Both BRCA1 and BRCA2 are involved in repair of DNA double-strand breaks via homologous recombination. Deficiencies in this important function contribute to tumorigenesis. A recent study suggests there may be a component of anticipation (earlier age at diagnosis in subsequent generations due to increased DNA instability) with BRCA1/2 breast cancers as in diseases like Fragile X syndrome or Huntington disease.
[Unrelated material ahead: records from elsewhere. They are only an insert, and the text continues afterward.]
(* Let $(\Omega,\mathcal A)$ be a measurable space and let $K$ be a random compact set in $\mathbb C^n$. If $K$ takes countably many values, or if $\left|\bigcup_{\omega\in\Omega}K(\omega)\setminus\overline{\operatorname{int}K(\omega)}\right|\le\aleph_0$, then $K$ is uniformly separable. Moreover, if $K(\omega)$ is the closure of a bounded open subset of $\mathbb C^n$ for all $\omega\in\Omega$, then $K$ is uniformly separable.
   Context: A random compact set is a measurable map from $\Omega$ to the space of non-empty compact subsets of $\mathbb C^n$ with the Hausdorff distance and its Borel $\sigma$-algebra. A random compact set $K$ is uniformly separable if there is a countable set $E\subset\mathbb C^n$ such that $E\cap K(\omega)$ is dense in $K(\omega)$ for every $\omega\in\Omega$. *)

theory Defs
  imports "HOL-Analysis.Analysis"
begin

definition hausdorff_dist :: "'a::metric_space set \<Rightarrow> 'a set \<Rightarrow> real" where
  "hausdorff_dist A B = max (SUP x\<in>A. infdist x B) (SUP y\<in>B. infdist y A)"

definition compact_sets :: "'a::metric_space set set" where
  "compact_sets = {K. compact K \<and> K \<noteq> {}}"

definition hausdorff_topology :: "'a::metric_space set topology" where
  "hausdorff_topology = Metric_space.mtopology compact_sets hausdorff_dist"

definition hausdorff_borel :: "'a::metric_space set measure" where
  "hausdorff_borel = sigma compact_sets {U. openin hausdorff_topology U}"

definition random_compact_set :: "'w measure \<Rightarrow> ('w \<Rightarrow> 'a::metric_space set) \<Rightarrow> bool" where
  "random_compact_set M K \<longleftrightarrow> K \<in> measurable M hausdorff_borel"

definition uniformly_separable :: "'w measure \<Rightarrow> ('w \<Rightarrow> 'a::metric_space set) \<Rightarrow> bool" where
  "uniformly_separable M K \<longleftrightarrow>
     (\<exists>E. countable E \<and> (\<forall>\<omega>\<in>space M. K \<omega> \<subseteq> closure (E \<inter> K \<omega>)))"

end

theory Submission
  imports Defs
begin

(* Only the second countability of the ambient space matters.
   If K has countably many values, take the union of countable dense subsets of each value.
   Otherwise let D be countable and dense in the whole space: D meets the open set interior K
   densely, so D \<inter> K is dense in closure (interior K), and the countably many remaining points
   of K are simply added to D. The closure of an open set U is contained in the closure of its
   interior, so there are no remaining points in the last case. *)

lemma countable_dense_subset:
  fixes S :: "'a::second_countable_topology set"
  obtains D where "countable D" "D \<subseteq> S" "S \<subseteq> closure D"
proof -
  obtain B :: "'a set set" where B: "countable B" "\<And>T. open T \<Longrightarrow> \<exists>U\<subseteq>B. T = \<Union>U"
    by (meson univ_second_countable)
  define pick where "pick b = (SOME x. x \<in> b \<inter> S)" for b
  have pick: "\<And>b. b \<inter> S \<noteq> {} \<Longrightarrow> pick b \<in> b \<inter> S"
    unfolding pick_def by (rule some_in_eq[THEN iffD2])
  define D where "D = pick ` {b\<in>B. b \<inter> S \<noteq> {}}"
  have "S \<subseteq> closure D"
  proof
    fix x assume "x \<in> S"
    show "x \<in> closure D"
      unfolding closure_iff_nhds_not_empty
    proof (intro allI impI)
      fix A T assume "T \<subseteq> A" "open T" "x \<in> T"
      then obtain b where "b \<in> B" "x \<in> b" "b \<subseteq> T"
        using B(2) by blast
      with \<open>x \<in> S\<close> have "pick b \<in> D \<inter> T"
        using pick[of b] unfolding D_def by blast
      with \<open>T \<subseteq> A\<close> show "D \<inter> A \<noteq> {}" by blast
    qed
  qed
  moreover have "countable D" "D \<subseteq> S"
    using B(1) pick unfolding D_def by auto
  ultimately show thesis using that by blast
qed

lemma uniformly_separable_countable_range:
  fixes K :: "'w \<Rightarrow> 'a::{metric_space,second_countable_topology} set"
  assumes "countable (K ` space M)"
  shows "uniformly_separable M K"
proof -
  define dense where "dense S = (SOME D. countable D \<and> D \<subseteq> S \<and> S \<subseteq> closure D)"
    for S :: "'a set"
  have dense: "countable (dense S) \<and> dense S \<subseteq> S \<and> S \<subseteq> closure (dense S)" for S
    unfolding dense_def by (rule someI_ex) (meson countable_dense_subset)
  define E where "E = (\<Union>S\<in>K ` space M. dense S)"
  have "K \<omega> \<subseteq> closure (E \<inter> K \<omega>)" if "\<omega> \<in> space M" for \<omega>
  proof -
    have "dense (K \<omega>) \<subseteq> E \<inter> K \<omega>"
      using that dense unfolding E_def by blast
    then show ?thesis
      using dense closure_mono by blast
  qed
  moreover have "countable E"
    using assms dense unfolding E_def by blast
  ultimately show ?thesis
    unfolding uniformly_separable_def by blast
qed

lemma uniformly_separable_countable_outside_closure_interior:
  fixes K :: "'w \<Rightarrow> 'a::{metric_space,second_countable_topology} set"
  assumes "countable (\<Union>\<omega>\<in>space M. K \<omega> - closure (interior (K \<omega>)))" (is "countable ?C")
  shows "uniformly_separable M K"
proof -
  obtain D :: "'a set" where "countable D" and D_dense: "UNIV \<subseteq> closure D"
    by (metis countable_dense_subset)
  have "K \<omega> \<subseteq> closure ((D \<union> ?C) \<inter> K \<omega>)" if "\<omega> \<in> space M" for \<omega>
  proof
    fix x assume "x \<in> K \<omega>"
    show "x \<in> closure ((D \<union> ?C) \<inter> K \<omega>)"
    proof (cases "x \<in> closure (interior (K \<omega>))")
      case True
      have "closure (interior (K \<omega>)) = closure (interior (K \<omega>) \<inter> D)"
        using closure_open_Int_superset[of "interior (K \<omega>)" D] D_dense by auto
      also have "\<dots> \<subseteq> closure ((D \<union> ?C) \<inter> K \<omega>)"
        using interior_subset[of "K \<omega>"] by (intro closure_mono) blast
      finally show ?thesis
        using True by blast
    next
      case False
      with \<open>x \<in> K \<omega>\<close> \<open>\<omega> \<in> space M\<close> have "x \<in> (D \<union> ?C) \<inter> K \<omega>"
        by blast
      then show ?thesis
        by (rule closure_subset[THEN subsetD])
    qed
  qed
  moreover have "countable (D \<union> ?C)"
    using \<open>countable D\<close> assms by (rule countable_Un)
  ultimately show ?thesis
    unfolding uniformly_separable_def by blast
qed

lemma closure_open_subset_closure_interior:
  assumes "open U"
  shows "closure U \<subseteq> closure (interior (closure U))"
  using assms closure_subset interior_maximal closure_mono by metis

theorem proposition7p2:
  fixes M :: "'w measure" and K :: "'w \<Rightarrow> (complex ^ 'n) set"
  assumes "random_compact_set M K"
  shows "(countable (K ` space M) \<longrightarrow> uniformly_separable M K)
       \<and> (countable (\<Union>\<omega>\<in>space M. K \<omega> - closure (interior (K \<omega>))) \<longrightarrow> uniformly_separable M K)
       \<and> ((\<forall>\<omega>\<in>space M. \<exists>U. open U \<and> bounded U \<and> K \<omega> = closure U) \<longrightarrow> uniformly_separable M K)"
proof (intro conjI impI)
  show "countable (K ` space M) \<Longrightarrow> uniformly_separable M K"
    by (rule uniformly_separable_countable_range)
  show "countable (\<Union>\<omega>\<in>space M. K \<omega> - closure (interior (K \<omega>))) \<Longrightarrow> uniformly_separable M K"
    by (rule uniformly_separable_countable_outside_closure_interior)
  assume "\<forall>\<omega>\<in>space M. \<exists>U. open U \<and> bounded U \<and> K \<omega> = closure U"
  then have "(\<Union>\<omega>\<in>space M. K \<omega> - closure (interior (K \<omega>))) = {}"
    using closure_open_subset_closure_interior by fastforce
  then have "countable (\<Union>\<omega>\<in>space M. K \<omega> - closure (interior (K \<omega>)))"
    by (simp only: countable_empty)
  then show "uniformly_separable M K"
    by (rule uniformly_separable_countable_outside_closure_interior)
qed

end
BRCA1 breast cancers often have a basal-like phenotype that is ER/PR/human epidermal growth factor receptor 2 (HER2)-negative. BRCA2 cancers are also usually HER2-negative, but tend to be ER/PR-positive.

P53/Li-Fraumeni syndrome

P53 is another high-penetrance gene with a proven link to breast cancer. Mutations in P53 are associated with Li-Fraumeni syndrome (LFS), which carries an increased risk of breast cancer as well as leukemia and malignancies of the lung and brain. Women with LFS have a 50% risk of breast cancer by age 60. LFS and P53-associated malignancies may account for up to 7% of all breast cancers diagnosed in women under the age of 40. Breast tumors in women with LFS are predominantly ER/PR/HER2-positive.

PTEN/Cowden syndrome

Mutations in the PTEN gene result in PTEN hamartoma-tumor syndrome/Cowden syndrome, characterized by the growth of numerous hamartomas and an increased risk of thyroid, endometrial, and breast cancer. PTEN is a tumor suppressor gene in the MAPK/mTOR pathways that is inherited in an autosomal-dominant manner. Although the prevalence of PTEN mutation is low, individuals with germline PTEN mutations have an estimated lifetime risk of breast cancer of 85%.

Low-penetrance genes

Numerous other genes have been linked to an increased risk of breast cancer. These genes tend to be low-penetrance and contribute less to the breast cancer disease burden than those described above. Many are involved in pathways of DNA repair and maintenance of genome integrity and cell-cycle checkpoints. Mutations in ATM, BRIP1, CHEK2, NBS1, PALB2, and RAD50 are associated with a 2-fold to 4-fold increased risk of breast cancer. Mutation incidence in these genes is low (around 1% or less), with a correspondingly low number of homozygous individuals diagnosed with resulting breast cancer. Studies continue to elucidate the genes responsible for breast cancer tumorigenesis, but it is clear that there is enormous mutation heterogeneity among individual tumors.